In the next stretch of pocket water, another big brown charged my spinner and piled into it. That trout cleared the water twice before I eased my net under it. The tape registered 18 inches. The amazing action continued as only a few minutes passed before I landed an 18 ½ inch brown. A large shape followed my spinner in the next stretch of water but saw me and hastily withdrew.
After that, I had about a half hour of no action when I came to a deep pocket next to a large boulder. As I brought my spinner toward me, a big brown suddenly appeared and engulfed my spinner. As was the case the previous week, I had only a couple feet of line out and feared history would repeat itself. This time, I managed to land the behemoth, which was 19 ¼ inches long.
Unexpectedly, the action ceased for almost an hour. Again, I considered switching to a plug. I decided to make one more cast before switching. A solid strike told me I had made the right choice, and I set the hook. The rod throbbed with the weight of a heavy trout. It was 17 ¾ inches. I decided to stay with the spinner. A short time later, a very large deeply yellow brown appeared in front of me and grabbed my spinner. I should be used to what expert ambush predators big browns are by now, but they still surprise me on occasion. I set the hook, but the heavy fish got off almost immediately.
I reached a deep pool where I had caught quite a few big trout in the past. In previous trips this year, I barely got to fish it because it was loaded with kayakers. This time, predictably, it wasn’t. I had one strike but that was it. I continued up a little further without any action. I considered going further upstream but made the long walk back to my car.
I drove several miles downstream where I rarely fish and saw several hunters in the area. Typically, I catch more bass than trout there, so I decided to head back upstream from where I was, but downstream from where I had started. By then, the heavy wind had arrived, and fishing was very difficult. I had two small trout follow but not hit. I tried a plug for the first time all day and it produced a 17 inch brown. Unfortunately, nothing else showed any interest, so I switched back to the spinner to end the day. I lost a trout in the 15-16 inch range. The howling wind and approaching darkness made me decide to call it a very successful day.

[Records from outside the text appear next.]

lemma nowhere_dense_in_cantor_avoid:
  assumes "nowhere_dense_in cantor_top N"
  obtains z L' where "L \<le> L'" "z \<in> cylinder y L" "cylinder z L' \<inter> N = {}"
proof -
  let ?C = "cantor_top closure_of N"
  have "y \<in> cylinder y L" by (simp add: cylinder_def)
  then have "\<not> cylinder y L \<subseteq> ?C"
    using assms openin_cylinder[of y L]
    unfolding nowhere_dense_in_def interior_of_eq_empty by blast
  then obtain z where z: "z \<in> cylinder y L" "z \<notin> ?C" by blast
  have "openin cantor_top (cylinder y L - ?C)"
    by (simp add: openin_cylinder openin_diff)
  then obtain L0 where L0: "cylinder z L0 \<subseteq> cylinder y L - ?C"
    using z unfolding openin_cantor_top by blast
  have "cylinder z (max L L0) \<subseteq> cylinder z L0"
    by (auto simp: cylinder_def)
  moreover have "N \<subseteq> ?C"
    using assms by (simp add: nowhere_dense_in_def closure_of_subset)
  ultimately have "cylinder z (max L L0) \<inter> N = {}"
    using L0 by blast
  with z(1) show thesis
    by (intro that[of "max L L0" z]) simp_all
qed

(* The block t on [n, n') must work whatever the first n coordinates are, so it is built against
   all prefixes s at once. *)
lemma cantor_block_avoiding_prefixes:
  assumes "finite P" "\<forall>(s, N)\<in>P. nowhere_dense_in cantor_top N"
  shows "\<exists>t n'. n < n' \<and>
    (\<forall>s N. (s, N) \<in> P \<longrightarrow> cylinder (\<lambda>i. if i < n then s i else t i) n' \<inter> N = {})"
  using assms
proof (induction P rule: finite_induct)
  case empty
  show ?case by (intro exI[of _ "\<lambda>_. False"] exI[of _ "Suc n"]) auto
next
  case (insert p P)
  obtain s N where p: "p = (s, N)" by fastforce
  from insert obtain t n' where tn: "n < n'"
    "\<And>s N. (s, N) \<in> P \<Longrightarrow> cylinder (\<lambda>i. if i < n then s i else t i) n' \<inter> N = {}"
    by auto
  have "nowhere_dense_in cantor_top N" using insert.prems p by simp
  then obtain z L where zL: "n' \<le> L" "z \<in> cylinder (\<lambda>i. if i < n then s i else t i) n'"
      "cylinder z L \<inter> N = {}"
    by (rule nowhere_dense_in_cantor_avoid)
  have old: "cylinder (\<lambda>i. if i < n then s' i else z i) L
      \<subseteq> cylinder (\<lambda>i. if i < n then s' i else t i) n'" for s'
    using zL(1,2) by (auto simp: cylinder_def)
  have new: "cylinder (\<lambda>i. if i < n then s i else z i) L = cylinder z L"
    using zL(1,2) tn(1) by (auto simp: cylinder_def)
  show ?case
  proof (intro exI[of _ z] exI[of _ L] conjI allI impI)
    show "n < L" using tn(1) zL(1) by simp
    fix s' N' assume "(s', N') \<in> insert p P"
    then consider "(s', N') = (s, N)" | "(s', N') \<in> P" using p by blast
    then show "cylinder (\<lambda>i. if i < n then s' i else z i) L \<inter> N' = {}"
    proof cases
      case 1
      then show ?thesis using new zL(3) by (metis prod.inject)
    next
      case 2
      then show ?thesis using old[of s'] tn(2)[of s' N'] by blast
    qed
  qed
qed

lemma cantor_block_avoiding:
  assumes "finite \<N>" "\<forall>N\<in>\<N>. nowhere_dense_in cantor_top N"
  shows "\<exists>t n'. n < n' \<and> (\<forall>y. (\<forall>i\<in>{n..<n'}. y i = t i) \<longrightarrow> y \<notin> \<Union>\<N>)"
proof -
  let ?prefixes = "(\<lambda>A i. i \<in> A) ` Pow {..<n}"
  have "finite (?prefixes \<times> \<N>)" "\<forall>(s, N)\<in>?prefixes \<times> \<N>. nowhere_dense_in cantor_top N"
    using assms by auto
  then obtain t n' where tn: "n < n'"
    "\<And>s N. (s, N) \<in> ?prefixes \<times> \<N> \<Longrightarrow> cylinder (\<lambda>i. if i < n then s i else t i) n' \<inter> N = {}"
    using cantor_block_avoiding_prefixes[of "?prefixes \<times> \<N>" n] by blast
  have "y \<notin> N" if "\<forall>i\<in>{n..<n'}. y i = t i" "N \<in> \<N>" for y N
  proof -
    let ?s = "\<lambda>i. i \<in> {i. i < n \<and> y i}"
    have "?s \<in> ?prefixes" by (rule imageI) auto
    with that(2) have "cylinder (\<lambda>i. if i < n then ?s i else t i) n' \<inter> N = {}" by (intro tn(2)) simp
    moreover have "y \<in> cylinder (\<lambda>i. if i < n then ?s i else t i) n'"
      using that(1) by (auto simp: cylinder_def)
    ultimately show ?thesis by blast
  qed
  with tn(1) show ?thesis by blast
qed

My total for the day was 15 trout, all browns, which is not a lot of six hours of fishing, but the story of the day was catching 12 hogs, a new personal daily total of big trout in Pennsylvania. It’s a record I hope stands until my next outing. [IMG class=inlineimg]/forums/images/smilies/biggrin.gif[/IMG] My previous highest big trout total in a day in PA was 10. Two of the trout were at least 20 inches with the largest at 21 inches. I walked 3.1 miles on the day.
Even though the wind was pummeling me unmercifully, I enjoyed every step of my walk back to the car.